Exames médicos e psicológicos obrigatórios
- Grupo 1: Atestado médico obrigatório a partir dos 60 anos.
- Grupo 2: Atestado médico e avaliação psicológica a partir dos 50 anos.
Os exames avaliam visão, audição, reflexos e capacidades cognitivas. Podem ser exigidas avaliações adicionais caso existam dúvidas.
Carta caducada: o que acontece?
Se não renovar a carta dentro do prazo:
- Caduca automaticamente.
- Após 2 anos caducada: tem de repetir o exame prático.
- Após 5 anos: obrigatória a frequência de curso e novo exame.
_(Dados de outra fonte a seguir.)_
(* Let $\mathcal{H}=\mathcal{H}_{\mathcal{Y}}\times\mathcal{H}_{n+1}$ be closed under scaling, let $c\in(0,1)$, let $\ell$ be a loss on $\mathcal{H}_{\mathcal{Y}}\times\mathcal{X}\times\mathcal{Y}$, and let $\Phi\colon\mathbb{R}\to\mathbb{R}$ be a decreasing function with $\lim_{t\to+\infty}\Phi(t)=0$ and $\Phi(t)\ge\mathbb{1}_{t\le0}$ for all $t\in\mathbb{R}$. Let $\mathcal{D}$ be a distribution over $\mathcal{X}\times\mathcal{Y}$, and assume $\hat h=(\hat h_{\mathcal{Y}},\hat h_{n+1})\in\mathcal{H}$ satisfies $\mathcal{E}_{\ell}(\hat h_{\mathcal{Y}})=\inf_{h_{\mathcal{Y}}\in\mathcal{H}_{\mathcal{Y}}}\mathcal{E}_{\ell}(h_{\mathcal{Y}})$ and $\mathcal{E}_{\ell_{\hat h_{\mathcal{Y}}}}(\hat h_{n+1})=\inf_{h=(h_{\mathcal{Y}},h_{n+1})\in\mathcal{H}}\mathcal{E}_{\ell_{h_{\mathcal{Y}}}}(h_{n+1})$. If there exists $h^*=(h^*_{\mathcal{Y}},h^*_{n+1})\in\mathcal{H}$ with $\mathcal{E}_{\mathsf{L}_{\mathrm{abs}}}(h^* )=0$, then $\mathcal{E}_{\mathsf{L}_{\mathrm{abs}}}(\hat h)=0$.
   Context: Let $\mathcal{X}$ be an input space and $\mathcal{Y}=\{1,\dots,n\}$, $n\ge2$. $\mathcal{H}_{\mathcal{Y}}$ is a set of functions $h_{\mathcal{Y}}\colon\mathcal{X}\times\mathcal{Y}\to\mathbb{R}$ and $\mathcal{H}_{n+1}$ a set of functions $h_{n+1}\colon\mathcal{X}\to\mathbb{R}$; a pair $h=(h_{\mathcal{Y}},h_{n+1})$ is identified with the function on $\mathcal{X}\times(\mathcal{Y}\cup\{n+1\})$ given by $h(x,y)=h_{\mathcal{Y}}(x,y)$ for $y\in\mathcal{Y}$ and $h(x,n+1)=h_{n+1}(x)$. $\mathcal{H}$ is closed under scaling if $\alpha h\in\mathcal{H}$ for all $h\in\mathcal{H}$ and $\alpha\in\mathbb{R}$. $\mathsf{h}_{\mathcal{Y}}(x)=\operatorname{argmax}_{y\in\mathcal{Y}}h_{\mathcal{Y}}(x,y)$ (ties broken by a fixed deterministic rule). The predicted label $\mathsf{h}(x)$ is $n+1$ if $h_{n+1}(x)\ge\max_{y\in\mathcal{Y}}h_{\mathcal{Y}}(x,y)$, and $\mathsf{h}_{\mathcal{Y}}(x)$ otherwise. The abstention loss with constant cost $c$ is $\mathsf{L}_{\mathrm{abs}}(h,x,y)=\mathbb{1}_{\mathsf{h}(x)\neq y}\mathbb{1}_{\mathsf{h}(x)\neq n+1}+c\,\mathbb{1}_{\mathsf{h}(x)=n+1}$. For fixed $h_{\mathcal{Y}}$, the second-stage surrogate is $\ell_{h_{\mathcal{Y}}}(h_{n+1},x,y)=\mathbb{1}_{\mathsf{h}_{\mathcal{Y}}(x)\neq y}\,\Phi\big(h_{n+1}(x)-\max_{y'\in\mathcal{Y}}h_{\mathcal{Y}}(x,y')\big)+c\,\Phi\big(\max_{y'\in\mathcal{Y}}h_{\mathcal{Y}}(x,y')-h_{n+1}(x)\big)$. For a loss $\mathsf{L}$, $\mathcal{E}_{\mathsf{L}}(g)=\mathbb{E}_{(x,y)\sim\mathcal{D}}[\mathsf{L}(g,x,y)]$. *)

theory Defs
  imports "HOL-Probability.Probability"
begin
Normas europeias e renovação digital
Portugal segue a Diretiva 2006/126/CE da União Europeia, que uniformiza os prazos e exigências. A renovação da carta pode ser feita com 6 meses de antecedência, presencialmente ou através do portal “A Minha Carta de Condução”.
Se a revalidação for recusada por motivos de saúde, o condutor tem 30 dias para apresentar recurso, conforme artigo 32.º do RHLC.
A sua segurança e a dos outros está em jogo
Mais do que um direito, conduzir é uma responsabilidade, refere o Postal do Algarve. A sua saúde pode colocar em risco a sua vida, a dos passageiros e a de todos os que partilham a estrada. Não encare os exames como uma burocracia, mas como um instrumento de proteção.
Se tem dúvidas sobre a sua aptidão para conduzir, fale com o seu médico. Este pode ser o passo que salva vidas.